Integration with Agents

Models deployed alongside agents communicate via:
  • HTTP/REST: Standard inference API
  • gRPC: Efficient binary protocol
  • Unix Domain Sockets: Fastest option for same-pod communication
  • Shared Memory: Direct memory access for maximum performance
The agent deployment system automatically configures the optimal communication pattern based on co-location settings.

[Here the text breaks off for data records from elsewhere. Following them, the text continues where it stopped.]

lemma reachable_inv:
  assumes "(gdt_iter Q g \<epsilon>)\<^sup>*\<^sup>* ({}, 0, []) S"
  shows "foba_inv S"
  using assms by (induction rule: rtranclp_induct) (auto intro: initial_inv iteration_preserves_inv)

section \<open>Guarantees at the output\<close>

text \<open>Under the invariant every entry of the iterate on its support satisfies
  \<open>\<beta>\<^sub>j\<^sup>2 \<ge> \<epsilon>\<^sup>2/(2 h1\<^sup>2)\<close>: the exit condition compares with the last gain, which is large.\<close>
lemma inv_coords_large:
  assumes inv: "foba_inv (F, b, ds)" and j: "j \<in> F"
  shows "\<epsilon>\<^sup>2 / (2 * h1\<^sup>2) \<le> (b $ j)\<^sup>2"
proof -
  have rm: "restr_min Q F b" and len: "length ds = card F"
    and gains: "\<forall>x\<in>set ds. \<epsilon>\<^sup>2 / (2 * h1) \<le> x" and ex: "bwd_exit Q (F, b, ds)"
    using inv unfolding foba_inv_def valid_state_def by auto
  have "ds \<noteq> []" using len j by auto
  hence "\<epsilon>\<^sup>2 / (2 * h1) \<le> last ds" using gains by simp
  hence "\<epsilon>\<^sup>2 / (2 * h1) / h1 \<le> last ds / h1" by (rule divide_right_mono) (use h1_pos in simp)
  also have "\<dots> \<le> (b $ j)\<^sup>2" by (rule exit_coord_large[OF rm ex j])
  finally show ?thesis by (simp add: power2_eq_square)
qed

text \<open>At an output state, false positives are rare: the entries of the iterate are at least
  \<open>\<epsilon>/(\<surd>2 h1)\<close> while the gradient is below \<open>\<epsilon>\<close>, so \<open>false_positive_bound\<close> gives
  \<open>lo\<^sup>2 |F - supp bb| \<le> h1\<^sup>2 |supp bb - F|\<close>.\<close>
lemma output_false_positives:
  assumes inv: "foba_inv (F, b, ds)" and stop: "gdt_stop g \<epsilon> b"
  shows "lo\<^sup>2 / (8 * h1\<^sup>2) * card (F - supp bb) \<le> card (supp bb - F)"
proof -
  let ?N = "supp bb - F" and ?P = "F - supp bb"
  have rm: "restr_min Q F b" and room: "card F + kbar \<le> s"
    using inv unfolding foba_inv_def valid_state_def by auto
  have "lo/2 * (\<epsilon>\<^sup>2 / (2 * h1\<^sup>2)) * card ?P \<le> card ?N * (\<epsilon>\<^sup>2 / (4 * lo))"
  proof (rule false_positive_bound[OF rm room])
    show "\<bar>g b $ j\<bar> \<le> \<epsilon>" for j
      using stop component_le_infnorm_cart[of "g b" j] by (simp add: gdt_stop_def)
  qed (use inv_coords_large[OF inv] in auto)
  hence "(\<epsilon>\<^sup>2 / (4 * lo)) * (lo\<^sup>2 / h1\<^sup>2 * card ?P) \<le> (\<epsilon>\<^sup>2 / (4 * lo)) * card ?N"
    using lo_pos h1_pos by (simp add: field_simps power2_eq_square)
  hence "lo\<^sup>2 / h1\<^sup>2 * card ?P \<le> card ?N"
    by (rule mult_left_le_imp_le) (use lo_pos eps_pos in simp)
  moreover have "lo\<^sup>2 / (8 * h1\<^sup>2) * card ?P \<le> lo\<^sup>2 / h1\<^sup>2 * card ?P"
    using h1_pos by (intro mult_right_mono) (auto simp: field_simps)
  ultimately show ?thesis by linarith
qed

text \<open>At a state satisfying the invariant where the stopping test succeeds, the restricted
  error bound with \<open>G = \<epsilon>\<close> and the threshold estimate give the four bounds.\<close>
lemma output_guarantees:
  assumes inv: "foba_inv (F, b, ds)" and stop: "gdt_stop g \<epsilon> b"
  defines "\<Delta> \<equiv> card {j \<in> supp bb - F. \<bar>bb $ j\<bar> < 2 * sqrt 2 * \<epsilon> / lo}"
  shows "(norm (b - bb))\<^sup>2 \<le> 8 * \<epsilon>\<^sup>2 / lo\<^sup>2 * real \<Delta>"
    and "Q b - Q bb \<le> \<epsilon>\<^sup>2 / lo * real \<Delta>"
    and "lo\<^sup>2 / (8 * h1\<^sup>2) * real (card (F - supp bb)) \<le> real (card (supp bb - F))"
    and "card (supp bb - F) \<le> 2 * \<Delta>"
proof -
  let ?N = "supp bb - F" and ?P = "F - supp bb" and ?\<gamma> = "2 * sqrt 2 * \<epsilon> / lo"
  define \<Lambda> where "\<Lambda> = card {j \<in> ?N. \<not> \<bar>bb $ j\<bar> < ?\<gamma>}"
  define c where "c = \<epsilon>\<^sup>2 / (2 * lo)"
  have c_pos: "c > 0" using eps_pos lo_pos by (simp add: c_def)
  have rm: "restr_min Q F b" and room: "card F + kbar \<le> s"
    using inv unfolding foba_inv_def valid_state_def by auto
  have grad_small: "\<bar>g b $ j\<bar> \<le> \<epsilon>" for j
    using stop component_le_infnorm_cart[of "g b" j] by (simp add: gdt_stop_def)
  have coords: "\<epsilon>\<^sup>2 / (2 * h1\<^sup>2) \<le> (b $ j)\<^sup>2" if "j \<in> F" for j
    by (rule inv_coords_large[OF inv that])
  have big: "2 * infnorm (g bb) / lo \<le> \<bar>b $ j\<bar>" if "j \<in> ?P" for j
    using coord_dominates_target_grad coords that by simp
  have grad_missed: "\<And>j. j \<in> ?N \<Longrightarrow> \<bar>g b $ j\<bar> \<le> \<epsilon>" using grad_small by blast
  have "(\<Sum>j\<in>?N. \<epsilon> * \<bar>bb $ j\<bar> - lo/2 * (bb $ j)\<^sup>2) \<le> c * (real \<Delta> - real \<Lambda>)"
    using threshold_sum_bound[OF lo_pos eps_pos, of ?N "\<lambda>j. bb $ j"]
    unfolding \<Delta>_def \<Lambda>_def c_def by simp
  with restricted_error_bound[OF rm room big grad_missed]
  have dist: "lo/2 * (norm (b - bb))\<^sup>2 \<le> c * (real \<Delta> - real \<Lambda>)"
    and excess: "Q b - Q bb \<le> c * (real \<Delta> - real \<Lambda>)" by linarith+
  have "0 \<le> lo/2 * (norm (b - bb))\<^sup>2" using lo_pos by simp
  hence "0 \<le> c * (real \<Delta> - real \<Lambda>)" using dist by linarith
  hence few_large: "\<Lambda> \<le> \<Delta>" using c_pos by (simp add: zero_le_mult_iff)
  have "card ({j \<in> ?N. \<bar>bb $ j\<bar> < ?\<gamma>} \<union> {j \<in> ?N. \<not> \<bar>bb $ j\<bar> < ?\<gamma>}) = \<Delta> + \<Lambda>"
    unfolding \<Delta>_def \<Lambda>_def by (rule card_Un_disjoint) auto
  moreover have "{j \<in> ?N. \<bar>bb $ j\<bar> < ?\<gamma>} \<union> {j \<in> ?N. \<not> \<bar>bb $ j\<bar> < ?\<gamma>} = ?N" by blast
  ultimately have missed: "card ?N = \<Delta> + \<Lambda>" by simp
  have below: "c * (real \<Delta> - real \<Lambda>) \<le> c * real \<Delta>" using c_pos by simp
  have "lo/2 * (norm (b - bb))\<^sup>2 \<le> lo/2 * (\<epsilon>\<^sup>2 / lo\<^sup>2 * real \<Delta>)"
    using dist below lo_pos by (simp add: c_def power2_eq_square)
  hence "(norm (b - bb))\<^sup>2 \<le> \<epsilon>\<^sup>2 / lo\<^sup>2 * real \<Delta>"
    by (rule mult_left_le_imp_le) (use lo_pos in simp)
  moreover have "\<epsilon>\<^sup>2 / lo\<^sup>2 * real \<Delta> \<le> 8 * \<epsilon>\<^sup>2 / lo\<^sup>2 * real \<Delta>"
    by (intro mult_right_mono divide_right_mono) auto
  ultimately show "(norm (b - bb))\<^sup>2 \<le> 8 * \<epsilon>\<^sup>2 / lo\<^sup>2 * real \<Delta>" by linarith
  have "c * real \<Delta> \<le> \<epsilon>\<^sup>2 / lo * real \<Delta>"
    using lo_pos by (intro mult_right_mono) (auto simp: c_def field_simps)
  thus "Q b - Q bb \<le> \<epsilon>\<^sup>2 / lo * real \<Delta>" using excess below by linarith
  show "card ?N \<le> 2 * \<Delta>" using missed few_large by simp
  show "lo\<^sup>2 / (8 * h1\<^sup>2) * card ?P \<le> card ?N"
    by (rule output_false_positives[OF inv stop])
qed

Future: Continuous Model Learning

Coming Soon: Support for continuous model finetuning with real-time data streams is under development. This will enable models to learn from production data and improve over time without retraining cycles. The model deployment architecture is designed to support future continuous learning capabilities:
  • Real-time data ingestion from agent interactions
  • Incremental model updates without downtime
  • A/B testing between model versions
  • Automated evaluation and rollback
This positions VantEdge to support the next generation of adaptive AI systems that continuously improve from production data.
Model Deployment brings inference closer to your agents and data, enabling the performance required for production AI applications.